◆ **EXTRACTED ENTRIES**

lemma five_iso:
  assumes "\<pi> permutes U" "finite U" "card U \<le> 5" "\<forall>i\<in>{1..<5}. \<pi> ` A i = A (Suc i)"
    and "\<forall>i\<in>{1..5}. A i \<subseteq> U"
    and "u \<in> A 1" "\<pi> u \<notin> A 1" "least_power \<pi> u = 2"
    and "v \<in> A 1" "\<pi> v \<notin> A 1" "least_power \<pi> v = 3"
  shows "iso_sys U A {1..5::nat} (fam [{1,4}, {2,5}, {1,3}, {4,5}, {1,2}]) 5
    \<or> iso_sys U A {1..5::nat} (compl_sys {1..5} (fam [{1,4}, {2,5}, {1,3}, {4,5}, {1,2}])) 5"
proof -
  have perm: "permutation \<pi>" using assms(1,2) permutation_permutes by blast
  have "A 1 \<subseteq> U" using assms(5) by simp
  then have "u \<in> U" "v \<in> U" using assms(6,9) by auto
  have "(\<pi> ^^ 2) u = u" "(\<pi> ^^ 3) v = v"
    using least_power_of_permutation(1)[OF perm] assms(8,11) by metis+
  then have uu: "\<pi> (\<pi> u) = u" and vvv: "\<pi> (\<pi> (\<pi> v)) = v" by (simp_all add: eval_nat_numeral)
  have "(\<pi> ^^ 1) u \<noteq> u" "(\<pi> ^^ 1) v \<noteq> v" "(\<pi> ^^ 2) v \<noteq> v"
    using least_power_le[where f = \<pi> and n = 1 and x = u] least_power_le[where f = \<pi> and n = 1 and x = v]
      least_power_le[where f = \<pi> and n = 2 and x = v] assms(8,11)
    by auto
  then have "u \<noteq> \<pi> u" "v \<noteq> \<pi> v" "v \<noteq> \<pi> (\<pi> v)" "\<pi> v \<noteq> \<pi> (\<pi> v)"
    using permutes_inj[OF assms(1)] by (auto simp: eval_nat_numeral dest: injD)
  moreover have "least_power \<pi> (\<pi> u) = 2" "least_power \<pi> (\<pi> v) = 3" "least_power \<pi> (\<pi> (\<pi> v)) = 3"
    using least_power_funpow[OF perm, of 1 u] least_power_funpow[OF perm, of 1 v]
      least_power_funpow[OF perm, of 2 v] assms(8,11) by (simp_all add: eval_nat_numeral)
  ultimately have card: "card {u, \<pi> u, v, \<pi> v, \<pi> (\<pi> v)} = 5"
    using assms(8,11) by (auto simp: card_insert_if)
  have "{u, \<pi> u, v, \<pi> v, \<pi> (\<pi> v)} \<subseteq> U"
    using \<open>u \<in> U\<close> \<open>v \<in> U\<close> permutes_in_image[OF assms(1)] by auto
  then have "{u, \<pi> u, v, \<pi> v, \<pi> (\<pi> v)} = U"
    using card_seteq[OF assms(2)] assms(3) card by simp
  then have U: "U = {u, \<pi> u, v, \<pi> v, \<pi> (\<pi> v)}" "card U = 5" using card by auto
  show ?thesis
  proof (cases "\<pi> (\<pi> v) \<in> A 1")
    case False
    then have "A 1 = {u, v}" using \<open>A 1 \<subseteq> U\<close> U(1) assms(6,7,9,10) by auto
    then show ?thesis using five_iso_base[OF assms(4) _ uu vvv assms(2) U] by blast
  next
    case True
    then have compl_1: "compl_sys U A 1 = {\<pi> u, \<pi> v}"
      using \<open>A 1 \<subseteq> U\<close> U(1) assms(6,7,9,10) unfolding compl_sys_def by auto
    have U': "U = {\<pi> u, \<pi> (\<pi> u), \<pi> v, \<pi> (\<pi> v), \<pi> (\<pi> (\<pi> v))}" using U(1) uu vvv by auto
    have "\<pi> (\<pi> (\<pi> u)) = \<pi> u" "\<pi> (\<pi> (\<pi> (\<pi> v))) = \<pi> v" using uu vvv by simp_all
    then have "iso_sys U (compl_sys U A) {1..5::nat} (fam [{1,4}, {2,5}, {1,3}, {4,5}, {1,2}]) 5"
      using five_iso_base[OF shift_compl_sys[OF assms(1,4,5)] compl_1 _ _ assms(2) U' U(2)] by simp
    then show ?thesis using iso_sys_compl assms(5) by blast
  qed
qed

* * *

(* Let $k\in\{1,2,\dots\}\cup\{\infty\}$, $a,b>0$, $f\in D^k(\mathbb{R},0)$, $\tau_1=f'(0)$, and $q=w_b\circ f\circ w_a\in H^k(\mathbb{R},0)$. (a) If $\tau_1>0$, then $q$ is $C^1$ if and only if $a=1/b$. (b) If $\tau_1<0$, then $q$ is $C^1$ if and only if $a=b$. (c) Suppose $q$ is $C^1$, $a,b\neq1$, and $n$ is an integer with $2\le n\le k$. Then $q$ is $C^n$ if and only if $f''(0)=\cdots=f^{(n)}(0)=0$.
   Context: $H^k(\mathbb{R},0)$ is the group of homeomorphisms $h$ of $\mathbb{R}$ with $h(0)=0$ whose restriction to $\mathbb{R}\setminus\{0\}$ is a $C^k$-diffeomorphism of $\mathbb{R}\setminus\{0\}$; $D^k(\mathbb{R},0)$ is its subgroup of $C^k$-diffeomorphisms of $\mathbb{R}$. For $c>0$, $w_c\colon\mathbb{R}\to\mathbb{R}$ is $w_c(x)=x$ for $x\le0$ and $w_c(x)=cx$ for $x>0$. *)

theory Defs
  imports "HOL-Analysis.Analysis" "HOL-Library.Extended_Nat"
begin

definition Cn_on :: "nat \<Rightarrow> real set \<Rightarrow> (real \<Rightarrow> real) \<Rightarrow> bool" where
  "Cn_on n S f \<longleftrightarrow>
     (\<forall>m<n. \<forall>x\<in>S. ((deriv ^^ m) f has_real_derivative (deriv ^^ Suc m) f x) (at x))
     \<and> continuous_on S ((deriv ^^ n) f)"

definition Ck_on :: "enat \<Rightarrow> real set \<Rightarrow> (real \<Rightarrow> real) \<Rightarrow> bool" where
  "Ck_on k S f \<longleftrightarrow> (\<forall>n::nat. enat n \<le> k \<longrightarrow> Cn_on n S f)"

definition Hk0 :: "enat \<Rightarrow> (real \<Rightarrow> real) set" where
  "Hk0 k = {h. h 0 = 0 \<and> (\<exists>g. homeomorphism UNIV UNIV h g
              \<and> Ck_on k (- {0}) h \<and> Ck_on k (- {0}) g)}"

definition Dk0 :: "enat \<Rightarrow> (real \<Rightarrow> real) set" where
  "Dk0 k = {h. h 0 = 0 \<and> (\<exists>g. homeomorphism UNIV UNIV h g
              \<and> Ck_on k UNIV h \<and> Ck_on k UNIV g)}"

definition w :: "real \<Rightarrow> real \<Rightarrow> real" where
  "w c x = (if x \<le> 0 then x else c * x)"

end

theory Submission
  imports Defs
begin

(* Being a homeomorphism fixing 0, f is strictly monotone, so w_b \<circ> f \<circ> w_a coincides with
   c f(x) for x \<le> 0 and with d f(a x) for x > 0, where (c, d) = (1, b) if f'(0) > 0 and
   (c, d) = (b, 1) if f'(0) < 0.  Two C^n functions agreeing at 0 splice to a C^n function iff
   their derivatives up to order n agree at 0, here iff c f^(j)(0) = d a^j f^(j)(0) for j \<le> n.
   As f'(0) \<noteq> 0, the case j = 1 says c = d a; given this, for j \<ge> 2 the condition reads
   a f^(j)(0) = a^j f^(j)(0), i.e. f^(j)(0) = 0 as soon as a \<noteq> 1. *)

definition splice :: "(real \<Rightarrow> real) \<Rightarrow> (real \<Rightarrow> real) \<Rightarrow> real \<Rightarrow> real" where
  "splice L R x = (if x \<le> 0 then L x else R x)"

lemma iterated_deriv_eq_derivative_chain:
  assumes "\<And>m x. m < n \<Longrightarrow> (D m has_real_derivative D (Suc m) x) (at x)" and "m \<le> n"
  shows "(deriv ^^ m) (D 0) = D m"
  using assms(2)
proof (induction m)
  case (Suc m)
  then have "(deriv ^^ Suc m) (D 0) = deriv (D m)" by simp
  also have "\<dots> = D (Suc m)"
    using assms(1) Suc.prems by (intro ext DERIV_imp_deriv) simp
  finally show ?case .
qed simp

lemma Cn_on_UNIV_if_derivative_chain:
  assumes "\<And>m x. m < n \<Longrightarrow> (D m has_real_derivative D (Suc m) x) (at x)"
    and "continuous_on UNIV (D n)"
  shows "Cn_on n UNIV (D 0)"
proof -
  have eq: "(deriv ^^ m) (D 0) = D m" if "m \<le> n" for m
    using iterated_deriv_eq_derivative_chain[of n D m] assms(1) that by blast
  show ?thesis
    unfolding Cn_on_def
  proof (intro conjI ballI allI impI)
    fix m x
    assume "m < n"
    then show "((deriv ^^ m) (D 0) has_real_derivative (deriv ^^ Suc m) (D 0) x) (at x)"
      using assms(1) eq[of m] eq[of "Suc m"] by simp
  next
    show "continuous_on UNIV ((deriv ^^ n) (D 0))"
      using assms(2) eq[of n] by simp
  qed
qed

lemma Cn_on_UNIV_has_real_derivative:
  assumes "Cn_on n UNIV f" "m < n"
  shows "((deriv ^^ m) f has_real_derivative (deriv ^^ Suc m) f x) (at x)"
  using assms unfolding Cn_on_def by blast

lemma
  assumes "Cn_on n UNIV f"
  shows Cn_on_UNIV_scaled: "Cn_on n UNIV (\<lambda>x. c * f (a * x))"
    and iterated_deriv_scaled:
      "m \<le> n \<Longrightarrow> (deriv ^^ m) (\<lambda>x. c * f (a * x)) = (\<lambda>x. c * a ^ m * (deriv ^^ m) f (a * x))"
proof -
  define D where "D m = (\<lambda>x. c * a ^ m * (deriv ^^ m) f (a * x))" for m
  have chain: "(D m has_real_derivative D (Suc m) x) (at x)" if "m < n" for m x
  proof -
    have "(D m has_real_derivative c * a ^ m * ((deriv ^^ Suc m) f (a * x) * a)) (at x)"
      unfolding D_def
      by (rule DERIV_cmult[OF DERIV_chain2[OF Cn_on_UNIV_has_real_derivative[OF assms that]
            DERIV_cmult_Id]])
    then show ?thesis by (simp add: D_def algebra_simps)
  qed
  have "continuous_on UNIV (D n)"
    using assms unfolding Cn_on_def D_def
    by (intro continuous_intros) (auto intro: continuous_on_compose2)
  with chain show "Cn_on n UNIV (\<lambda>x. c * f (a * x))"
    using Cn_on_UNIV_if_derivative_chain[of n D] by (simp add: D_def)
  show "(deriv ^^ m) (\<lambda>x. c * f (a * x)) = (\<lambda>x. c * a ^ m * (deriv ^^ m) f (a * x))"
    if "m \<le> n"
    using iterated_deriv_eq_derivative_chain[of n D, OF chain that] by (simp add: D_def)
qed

◆ **TASK TO CARRY OUT**
Look through the records and copy every line that has the word "else".

◆ **YOUR SOLUTION**
  "w c x = (if x \<le> 0 then x else c * x)"
  "splice L R x = (if x \<le> 0 then L x else R x)"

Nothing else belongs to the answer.